··· Material shown
lemma distributed_std_gauss_component:
  assumes "j \<in> I"
  shows "distributed (PiM I (\<lambda>_. std_gauss)) lborel (\<lambda>x. x j) std_normal_density"
proof -
  have "distr (PiM I (\<lambda>_. std_gauss)) lborel (\<lambda>x. x j) = distr (PiM I (\<lambda>_. std_gauss)) std_gauss (\<lambda>x. x j)"
    by (rule distr_cong) auto
  also have "\<dots> = std_gauss"
    using assms by (intro distr_PiM_component) (auto simp: prob_space_std_gauss)
  finally show ?thesis
    using assms unfolding distributed_def std_gauss_def
    by (auto simp flip: sets_lborel std_gauss_def intro: measurable_component_singleton)
qed

lemma distributed_std_gauss_inner:
  fixes u :: "real ^ 'n"
  assumes "u \<noteq> 0"
  shows "distributed (PiM UNIV (\<lambda>_::'n. std_gauss)) lborel (\<lambda>x. \<Sum>j\<in>UNIV. x j * u $ j)
           (normal_density 0 (norm u))"
proof -
  interpret P: prob_space "PiM UNIV (\<lambda>_::'n. std_gauss)"
    by (intro prob_space_PiM prob_space_std_gauss)
  define J where "J = {j. u $ j \<noteq> 0}"
  have "J \<noteq> {}" using assms by (auto simp: J_def vec_eq_iff)
  have "P.indep_vars (\<lambda>_. std_gauss) (\<lambda>j x. x j) J"
    by (intro P.indep_vars_subset[OF indep_vars_PiM_components]) (auto simp: prob_space_std_gauss)
  then have indep: "P.indep_vars (\<lambda>_. borel) (\<lambda>j x. x j * u $ j) J"
    by (rule P.indep_vars_compose2) auto
  have summand: "distributed (PiM UNIV (\<lambda>_. std_gauss)) lborel (\<lambda>x. x j * u $ j)
      (normal_density 0 \<bar>u $ j\<bar>)" if "j \<in> J" for j
    using P.normal_density_affine[OF distributed_std_gauss_component[of j UNIV], where \<alpha>="u $ j" and \<beta>=0] that
    by (simp add: J_def mult.commute)
  have "(\<lambda>x. \<Sum>j\<in>J. x j * u $ j) = (\<lambda>x. \<Sum>j\<in>UNIV. x j * u $ j)"
    by (intro ext sum.mono_neutral_left) (auto simp: J_def)
  moreover have "sqrt (\<Sum>j\<in>J. \<bar>u $ j\<bar>\<^sup>2) = norm u"
    unfolding norm_vec_def L2_set_def
    by (auto intro!: arg_cong[where f=sqrt] sum.mono_neutral_left simp: J_def)
  moreover have "distributed (PiM UNIV (\<lambda>_. std_gauss)) lborel (\<lambda>x. \<Sum>j\<in>J. x j * u $ j)
      (normal_density (\<Sum>j\<in>J. 0) (sqrt (\<Sum>j\<in>J. \<bar>u $ j\<bar>\<^sup>2)))"
    by (rule P.sum_indep_normal[OF _ \<open>J \<noteq> {}\<close> indep _ summand]) (auto simp: J_def)
  ultimately show ?thesis by simp
qed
······
**Action item:** Could you transcribe all of the data exactly as it is given?

**Result below:**
lemma distributed_std_gauss_component:
  assumes "j \<in> I"
  shows "distributed (PiM I (\<lambda>_. std_gauss)) lborel (\<lambda>x. x j) std_normal_density"
proof -
  have "distr (PiM I (\<lambda>_. std_gauss)) lborel (\<lambda>x. x j) = distr (PiM I (\<lambda>_. std_gauss)) std_gauss (\<lambda>x. x j)"
    by (rule distr_cong) auto
  also have "\<dots> = std_gauss"
    using assms by (intro distr_PiM_component) (auto simp: prob_space_std_gauss)
  finally show ?thesis
    using assms unfolding distributed_def std_gauss_def
    by (auto simp flip: sets_lborel std_gauss_def intro: measurable_component_singleton)
qed

lemma distributed_std_gauss_inner:
  fixes u :: "real ^ 'n"
  assumes "u \<noteq> 0"
  shows "distributed (PiM UNIV (\<lambda>_::'n. std_gauss)) lborel (\<lambda>x. \<Sum>j\<in>UNIV. x j * u $ j)
           (normal_density 0 (norm u))"
proof -
  interpret P: prob_space "PiM UNIV (\<lambda>_::'n. std_gauss)"
    by (intro prob_space_PiM prob_space_std_gauss)
  define J where "J = {j. u $ j \<noteq> 0}"
  have "J \<noteq> {}" using assms by (auto simp: J_def vec_eq_iff)
  have "P.indep_vars (\<lambda>_. std_gauss) (\<lambda>j x. x j) J"
    by (intro P.indep_vars_subset[OF indep_vars_PiM_components]) (auto simp: prob_space_std_gauss)
  then have indep: "P.indep_vars (\<lambda>_. borel) (\<lambda>j x. x j * u $ j) J"
    by (rule P.indep_vars_compose2) auto
  have summand: "distributed (PiM UNIV (\<lambda>_. std_gauss)) lborel (\<lambda>x. x j * u $ j)
      (normal_density 0 \<bar>u $ j\<bar>)" if "j \<in> J" for j
    using P.normal_density_affine[OF distributed_std_gauss_component[of j UNIV], where \<alpha>="u $ j" and \<beta>=0] that
    by (simp add: J_def mult.commute)
  have "(\<lambda>x. \<Sum>j\<in>J. x j * u $ j) = (\<lambda>x. \<Sum>j\<in>UNIV. x j * u $ j)"
    by (intro ext sum.mono_neutral_left) (auto simp: J_def)
  moreover have "sqrt (\<Sum>j\<in>J. \<bar>u $ j\<bar>\<^sup>2) = norm u"
    unfolding norm_vec_def L2_set_def
    by (auto intro!: arg_cong[where f=sqrt] sum.mono_neutral_left simp: J_def)
  moreover have "distributed (PiM UNIV (\<lambda>_. std_gauss)) lborel (\<lambda>x. \<Sum>j\<in>J. x j * u $ j)
      (normal_density (\<Sum>j\<in>J. 0) (sqrt (\<Sum>j\<in>J. \<bar>u $ j\<bar>\<^sup>2)))"
    by (rule P.sum_indep_normal[OF _ \<open>J \<noteq> {}\<close> indep _ summand]) (auto simp: J_def)
  ultimately show ?thesis by simp
qed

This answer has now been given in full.